Program 1: Parallel Fractal Generation Using Threads Solution

Starting from:

~~$35~~

$29

Home

Build and run the code in the `prog1_mandelbrot_threads/` directory of

the code base. (Type `make` to build, and `./mandelbrot` to run it.)

This program produces the image file `mandelbrot-serial.ppm`, which is a visualization of a famous set of

complex numbers called the Mandelbrot set. (Most platforms have a .ppm

view. For example, to view the resulting images remotely, use `ssh -Y`

and the `display` command.) As you can see in the images below, the

result is a familiar and beautiful fractal. Each pixel in the image

corresponds to a value in the complex plane, and the brightness of

each pixel is proportional to the computational cost of determining

whether the value is contained in the Mandelbrot set. To get image 2,

use the command option `--view 2`. (See function `mandelbrotSerial()`

defined in `mandelbrotSerial.cpp`). You can learn more about the

definition of the Mandelbrot set at

<http://en.wikipedia.org/wiki/Mandelbrot_set.

![Mandelbrot Set](http://graphics.stanford.edu/courses/cs348v-18-winter/asst_images/asst1/mandelbrot_viz.jpg "A visualization of the Mandelbrot set. The cost of computing each pixel is proportional to its brightness. When running programs 1 and 3, you can use the command line option `--view 2` to set output to be view 2.")

Your job is to parallelize the computation of the images using

[std::thread](https://en.cppreference.com/w/cpp/thread/thread). Starter

code that spawns one additional thread is provided in the function

`mandelbrotThread()` located in `mandelbrotThread.cpp`. In this function, the

main application thread creates another additional thread using the constructor

`std::thread(function, args...)` It waits for this thread to complete by calling

`join` on the thread object.

Currently the launched thread does not do any computation and returns immediately.

You should add code to `workerThreadStart` function to accomplish this task.

You will not need to make use of any other std::thread API calls in this assignment.

**What you need to do:**

1. Modify the starter code to parallelize the Mandelbrot generation using

two processors. Specifically, compute the top half of the image in

thread 0, and the bottom half of the image in thread 1. This type

of problem decomposition is referred to as _spatial decomposition_ since

different spatial regions of the image are computed by different processors.

2. Extend your code to use 2, 3, 4, 5, 6, 7, and 8 threads, partitioning the image

generation work accordingly (threads should get blocks of the image). Note that the processor only has four cores but each

core supports two hyper-threads, so it can execute a total of eight threads interleaved on its execution contents.

In your write-up, produce a graph of __speedup compared to the reference sequential implementation__ as a function of the number of threads used __FOR VIEW 1__. Is speedup linear in the number of threads used? In your writeup hypothesize why this is (or is not) the case? (you may also wish to produce a graph for VIEW 2 to help you come up with a good answer. Hint: take a careful look at the three-thread datapoint.)

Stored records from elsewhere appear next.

(* Let $q>2$ be a prime power, let $n\ge1$ with $\gcd(n,q-1)=1$, let $f(x)$ be a monic irreducible polynomial of degree $n$ over $\mathbb{F}_q$, and let $\theta$ be a primitive element of $\mathbb{F}_q$. Let $R(x)$ be the remainder of $x^q-\theta x$ modulo $f(x)$, and let $\psi(x)=\sum_{u=0}^{n}\psi_u x^u\in\mathbb{F}_q[x]$ be the monic nonzero polynomial of least degree satisfying $$\sum_{u=0}^{n}\psi_u\,(R(x))^u\equiv 0\pmod{f(x)}.$$ Then $\psi(x)$ is an irreducible polynomial of degree $n$ over $\mathbb{F}_q$, and $F(x)=\psi(x^q-\theta x)/f(x)$ is an irreducible polynomial of degree $n(q-1)$ over $\mathbb{F}_q$.
   Context: A primitive element of $\mathbb{F}_q$ is a generator of the cyclic group $\mathbb{F}_q^*$. *)

theory Defs
  imports "HOL-Computational_Algebra.Computational_Algebra"
begin

definition primitive_element :: "'a::field \<Rightarrow> bool" where
  "primitive_element \<theta> \<longleftrightarrow> \<theta> \<noteq> 0 \<and> (\<forall>x. x \<noteq> 0 \<longrightarrow> (\<exists>k::nat. x = \<theta> ^ k))"

end

theory Submission
  imports Defs "HOL-Library.Cardinality" "HOL-Algebra.Algebraic_Closure_Type" "HOL-Algebra.Sylow"
begin

text \<open>
  Notation: \<open>q = CARD('a)\<close>, \<open>L(x) = x^q - \<theta> x\<close> (the constant \<open>linearized \<theta>\<close>), \<open>\<alpha>\<close> a root of \<open>f\<close>
  in the algebraic closure and \<open>\<beta> = L(\<alpha>)\<close>.  Since \<open>f\<close> is the minimal polynomial of \<open>\<alpha>\<close>, we have
  \<open>f dvd g(R)\<close> iff \<open>g(\<beta>) = 0\<close>, so \<open>\<psi>\<close> is the minimal polynomial of \<open>\<beta>\<close> and is irreducible.
  The key tool is the Frobenius criterion: a root \<open>a\<close> of an irreducible \<open>h\<close> satisfies
  \<open>a^(q^t) = a\<close> (for \<open>t > 0\<close>) iff \<open>degree h dvd t\<close>.  As \<open>L\<close> commutes with Frobenius,
  \<open>\<beta>^(q^n) = \<beta>\<close>, so \<open>d = degree \<psi>\<close> divides \<open>n\<close>; conversely \<open>\<delta> = \<alpha>^(q^d) - \<alpha>\<close> is in the kernel
  of \<open>L\<close>, whence \<open>\<delta> = \<delta>^(q^n) = \<theta>^n \<delta>\<close>, and \<open>\<theta>^n \<noteq> 1\<close> forces \<open>\<delta> = 0\<close>, i.e. \<open>n dvd d\<close>.
  For \<open>F = \<psi>(L(x)) div f\<close> pick \<open>\<gamma>\<close> with \<open>\<gamma>^(q-1) = \<theta>\<close>: then \<open>L(\<gamma>) = 0\<close> and \<open>\<rho> = \<alpha> + \<gamma>\<close> is a root
  of \<open>\<psi>(L(x))\<close> but not of \<open>f\<close>.  If \<open>k\<close> is the degree of the minimal polynomial of \<open>\<rho>\<close>, then
  \<open>\<rho>^(q^k) = \<rho>\<close> gives \<open>n dvd k\<close>, hence \<open>\<alpha>^(q^k) = \<alpha>\<close> and \<open>\<theta>^k = 1\<close>, so \<open>n (q-1) dvd k\<close>;
  as \<open>F(\<rho>) = 0\<close> and \<open>degree F = n (q-1)\<close>, \<open>F\<close> is irreducible.
\<close>

text \<open>The algebraic closure lives in HOL-Algebra, whose polynomial notions would shadow the
  type-class ones used here.\<close>
hide_const (open) Divisibility.prime Divisibility.irreducible Polynomials.degree
  up_ring.monom up_ring.coeff Polynomials.lead_coeff module.smult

3. To confirm (or disprove) your hypothesis, measure the amount of time

each thread requires to complete its work by inserting timing code at

the beginning and end of `workerThreadStart()`. How do your measurements

explain the speedup graph you previously created?

4. Modify the mapping of work to threads to achieve to improve speedup to

at __about 7-8x on both views__ of the Mandelbrot set (if you're above 7x that's fine, don't sweat it). You may not use any

synchronization between threads in your solution. We are expecting you to come up with a single work decomposition policy that will work well for all thread counts---hard coding a solution specific to each configuration is not allowed! (Hint: There is a very simple static

assignment that will achieve this goal, and no communication/synchronization

among threads is necessary.). In your writeup, describe your approach to parallelization

and report the final 8-thread speedup obtained.

5. Now run your improved code with 16 threads. Is performance noticably greater than when running with eight threads? Why or why not?